lemma diag_seq_surj: "snd p \<ge> 1 \<Longrightarrow> p \<in> range diag_seq"
proof (induction "diag_rank p" arbitrary: p rule: less_induct)
  case less
  obtain a b where p: "p = (a, Suc b)" using less.prems by (cases p; rename_tac b; case_tac b) auto
  show ?case
  proof (cases "a = 0 \<and> b = 0")
    case True
    then show ?thesis using p by (metis diag_seq.simps(1) One_nat_def rangeI)
  next
    case False
    define p' where "p' = (if b = 0 then (0, a) else (Suc a, b))"
    have p': "p = diag_next p'" "snd p' \<ge> 1"
      using p False by (auto simp: p'_def)
    then have "diag_rank p' < diag_rank p" by (simp add: diag_rank_diag_next)
    then obtain l where "p' = diag_seq l" using less.hyps p'(2) by blast
    then show ?thesis using p'(1) by (metis diag_seq.simps(2) rangeI)
  qed
qed

lemma diag_pos_eq: "diag_seq l = (n, i) \<Longrightarrow> diag_pos n i = Suc l"
  unfolding diag_pos_def by (metis (mono_tags, lifting) Least_equality inj_diag_seq injD order_refl)

section \<open>Step (A) of the Noisy Procedure\<close>

lemma card_le_card_Inter_plus_sum:
  assumes "finite T" "finite D" "\<forall>k\<in>D. acont T (M k) (c k)" "finite (\<Inter>k\<in>D. M k)"
  shows "card T \<le> card (\<Inter>k\<in>D. M k) + (\<Sum>k\<in>D. c k)"
proof -
  have "card T \<le> card ((\<Inter>k\<in>D. M k) \<union> (\<Union>k\<in>D. {x\<in>T. x \<notin> M k}))"
    using assms by (intro card_mono) auto
  also have "\<dots> \<le> card (\<Inter>k\<in>D. M k) + card (\<Union>k\<in>D. {x\<in>T. x \<notin> M k})"
    by (rule card_Un_le)
  also have "card (\<Union>k\<in>D. {x\<in>T. x \<notin> M k}) \<le> (\<Sum>k\<in>D. card {x\<in>T. x \<notin> M k})"
    by (rule card_UN_le[OF assms(2)])
  also have "\<dots> \<le> (\<Sum>k\<in>D. c k)"
    using assms(3) by (intro sum_mono) (auto simp: acont_def)
  finally show ?thesis by simp
qed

· · · · · · ·

# EXERCISE AIM
Print the listing above from its first line through the line with "(n, i) \<Longrightarrow>", and stop there.

# EXERCISE SOLUTION
lemma diag_seq_surj: "snd p \<ge> 1 \<Longrightarrow> p \<in> range diag_seq"
proof (induction "diag_rank p" arbitrary: p rule: less_induct)
  case less
  obtain a b where p: "p = (a, Suc b)" using less.prems by (cases p; rename_tac b; case_tac b) auto
  show ?case
  proof (cases "a = 0 \<and> b = 0")
    case True
    then show ?thesis using p by (metis diag_seq.simps(1) One_nat_def rangeI)
  next
    case False
    define p' where "p' = (if b = 0 then (0, a) else (Suc a, b))"
    have p': "p = diag_next p'" "snd p' \<ge> 1"
      using p False by (auto simp: p'_def)
    then have "diag_rank p' < diag_rank p" by (simp add: diag_rank_diag_next)
    then obtain l where "p' = diag_seq l" using less.hyps p'(2) by blast
    then show ?thesis using p'(1) by (metis diag_seq.simps(2) rangeI)
  qed
qed

lemma diag_pos_eq: "diag_seq l = (n, i) \<Longrightarrow> diag_pos n i = Suc l"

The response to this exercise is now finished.